Launched on November 3, 1999, ICICI Prudential Balanced Fund is an equity-oriented hybrid fund with average assets under management (AUM) of Rs 344.23 crore as of September 2012. Unlike the category, whose assets have decreased by close to 2% over the past year, the fund’s AUM has grown by nearly 20%. The fund has been ranked CRISIL Fund Rank 1 (top 10 percentile of the CRISIL Mutual Fund Rankings) in the past quarter and in the top 30 percentile since March 2011. Yogesh Bhatt (since February 2012) and Avnish Jain (since January 2011) manage the equity and the debt portion of the fund, respectively.
Investment approach
The objective of ICICI Prudential Balanced Fund is long-term capital appreciation and income generation through investments in equity and debt securities.
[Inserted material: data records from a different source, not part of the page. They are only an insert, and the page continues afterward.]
lemma anc_block_flag_step_invariant:
  assumes i: "i \<le> K" and v: "v \<in> carrier_vec (d * 2^m)" and x: "x \<in> carrier_vec d"
    and v0: "anc_block d m 0 v = x" and vf: "\<And>f. i < f \<Longrightarrow> f < 2^m \<Longrightarrow> anc_block d m f v = 0\<^sub>v d"
  shows "anc_block d m 0 (flag_step i *\<^sub>v v) = (if \<exists>j. Suc i = 2^j then (1\<^sub>m d - P) *\<^sub>v x else x)"
    and "\<And>f. Suc i < f \<Longrightarrow> f < 2^m \<Longrightarrow> anc_block d m f (flag_step i *\<^sub>v v) = 0\<^sub>v d"
proof -
  have pos: "0 < (2::nat)^m" by simp
  show "anc_block d m 0 (flag_step i *\<^sub>v v) = (if \<exists>j. Suc i = 2^j then (1\<^sub>m d - P) *\<^sub>v x else x)"
    unfolding anc_block_flag_step[OF i v pos]
    using v0 vf[of "i + 1"] flag_index_less[OF i] mult_mat_vec_zero[OF P_carrier] x
      mult_mat_vec_carrier[OF Q_carrier x]
    by simp
  show "anc_block d m f (flag_step i *\<^sub>v v) = 0\<^sub>v d" if "Suc i < f" "f < 2^m" for f
    unfolding anc_block_flag_step[OF i v that(2)]
    using that vf[of f] mult_mat_vec_zero[OF P_carrier] mult_mat_vec_zero[OF Q_carrier] by simp
qed

lemma anc_block_round_state:
  "i \<le> K \<Longrightarrow> anc_block d m 0 (round_state i) = amp_seq i \<and>
    (\<forall>f. i < f \<longrightarrow> f < 2^m \<longrightarrow> anc_block d m f (round_state i) = 0\<^sub>v d)"
proof (induction i)
  case 0
  then show ?case using anc_block_round_state_0 by simp
next
  case (Suc i)
  then have i: "i \<le> K" by simp
  have st: "round_state i \<in> carrier_vec (d * 2^m)" using round_state_carrier[OF i] .
  have "flag_step i *\<^sub>v round_state i \<in> carrier_vec (d * 2^m)"
    using mult_mat_vec_carrier[OF unitary_mat_carrier[OF unitary_flag_step[OF i]] st] .
  then have "anc_block d m f (round_state (Suc i)) = grover *\<^sub>v anc_block d m f (flag_step i *\<^sub>v round_state i)"
    if "f < 2^m" for f
    using round_state_Suc[OF i] anc_block_grover_step[OF _ that] by simp
  then show ?case
    using anc_block_flag_step_invariant[OF i st amp_seq_carrier] Suc i mult_mat_vec_zero[OF grover_carrier] by simp
qed

lemma anc_block_final_state: "anc_block d m 0 (alg_state n alg U (nq alg)) = residual (Suc J)"
proof -
  have K: "K \<le> K" ..
  have st: "round_state K \<in> carrier_vec (d * 2^m)" using round_state_carrier[OF K] .
  have R: "1\<^sub>m d - 2 \<cdot>\<^sub>m P \<in> carrier_mat d d" using P_carrier by (simp add: minus_carrier_mat)
  have F: "flag_step K *\<^sub>v round_state K \<in> carrier_vec (d * 2^m)"
    using mult_mat_vec_carrier[OF unitary_mat_carrier[OF unitary_flag_step[OF K]] st] .
  have "\<exists>j. Suc K = 2^j" by (intro exI[of _ "Suc J"]) simp
  then have "anc_block d m 0 (flag_step K *\<^sub>v round_state K) = (1\<^sub>m d - P) *\<^sub>v amp_seq K"
    using anc_block_flag_step_invariant(1)[OF K st amp_seq_carrier] anc_block_round_state[OF K] by simp
  moreover have "(1\<^sub>m d - 2 \<cdot>\<^sub>m P) *\<^sub>v ((1\<^sub>m d - P) *\<^sub>v amp_seq K) = (1\<^sub>m d - P) *\<^sub>v amp_seq K"
    using P_carrier proj_mult_compl[OF P amp_seq_carrier] mult_mat_vec_carrier[OF Q_carrier amp_seq_carrier]
    by (intro eq_vecI) (simp_all add: reflection_mult_vec)
  moreover have "alg_state n alg U (nq alg) = tensor_id m (1\<^sub>m d - 2 \<cdot>\<^sub>m P) *\<^sub>v (flag_step K *\<^sub>v round_state K)"
    using alg_state_odd[OF K] by (simp add: nq_alg)
  ultimately show ?thesis
    using anc_block_tensor_id[OF R F, of 0] by (simp add: residual_def)
qed

lemma prob_one_alg: "prob_one n alg U = 1 - sq_norm_vec (residual (Suc J))"
proof -
  have "alg_state n alg U (nq alg) \<in> carrier_vec (d * 2^m)"
    using alg_state_carrier by simp
  moreover have "sq_norm_vec (alg_state n alg U (nq alg)) = 1"
    using alg_state_unit[OF valid_alg U] by simp
  moreover have "accept alg = {l. l mod 2^m \<noteq> 0}" by (simp add: alg_def)
  ultimately show ?thesis
    unfolding prob_one_def alg_dim_alg by (simp only: sq_norm_vec_anc_nonzero anc_block_final_state)
qed

lemma prob_one_ge:
  assumes "\<delta> \<le> influence n S U" and "10 \<le> 4^(J + 2) * \<delta>"
  shows "9 / 10 \<le> prob_one n alg U"
proof -
  have "sq_norm_vec (residual (Suc J)) * 10 \<le> sq_norm_vec (residual (Suc J)) * (4^(J + 2) * lam)"
    using assms lam_eq_influence sq_norm_vec_nonneg[of "residual (Suc J)"]
    by (intro mult_left_mono) (auto intro: order.trans[OF _ mult_left_mono])
  also have "\<dots> \<le> 1" using sq_norm_residual_bound by (simp add: mult.assoc)
  finally show ?thesis by (simp add: prob_one_alg)
qed

lemma prob_one_eq_0: "influence n S U = 0 \<Longrightarrow> prob_one n alg U = 0"
  by (simp add: prob_one_alg sq_norm_residual_lam_0 lam_eq_influence)

end

context influence_tester
begin

lemma nq_alg_le:
  assumes \<delta>: "0 < \<delta>" and J: "4^(J + 2) * \<delta> \<le> 40"
  shows "real (nq alg) \<le> 7 / sqrt \<delta>"
proof -
  have "real (nq alg) \<le> 2^(J + 2)"
    unfolding nq_alg by (simp add: of_nat_diff)
  moreover have "2^(J + 2) * sqrt \<delta> \<le> 7"
  proof (rule power2_le_imp_le)
    have "((2::real)^(J + 2))\<^sup>2 = 4^(J + 2)"
      by (simp only: power_mult[symmetric] mult.commute[of _ 2]) (simp add: power_mult)
    then have "(2^(J + 2) * sqrt \<delta>)\<^sup>2 = 4^(J + 2) * \<delta>"
      using \<delta> by (simp only: power_mult_distrib real_sqrt_pow2 less_imp_le)
    also have "\<dots> \<le> 7\<^sup>2" by (rule order.trans[OF J]) simp
    finally show "(2^(J + 2) * sqrt \<delta>)\<^sup>2 \<le> 7\<^sup>2" .
  qed simp
  ultimately have "real (nq alg) * sqrt \<delta> \<le> 7"
    by (meson \<delta> mult_right_mono order.trans real_sqrt_ge_zero less_imp_le)
  then show ?thesis using \<delta> by (simp add: pos_le_divide_eq)
qed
The fixed income component in the fund helps reduce the overall risk of the portfolio. The fund aims to invest 65% to 80% of its corpus in equities and equity-related securities and the balance in debt and money market instruments. For tax purposes, balanced funds (with a greater than 65% equity holding) are treated like equity-oriented funds wherein dividends and long-term capital gains are tax free.
Performance
As on November 30, 2012, the fund has outperformed its benchmark (CRISIL BalanceEX) across all time frames (six months, one, three, five, seven and 10 years). Although the fund has underperformed the category in the five-, seven- and 10-year periods, the performance has improved in the recent periods. In the three-year time frame, the fund has outperformed with 11.9% returns compared to the benchmark’s 6.2% and the category’s 8.7%.
The fund has also outperformed the S&P CNX Nifty across one-, three-, five- and 10-year time-frames.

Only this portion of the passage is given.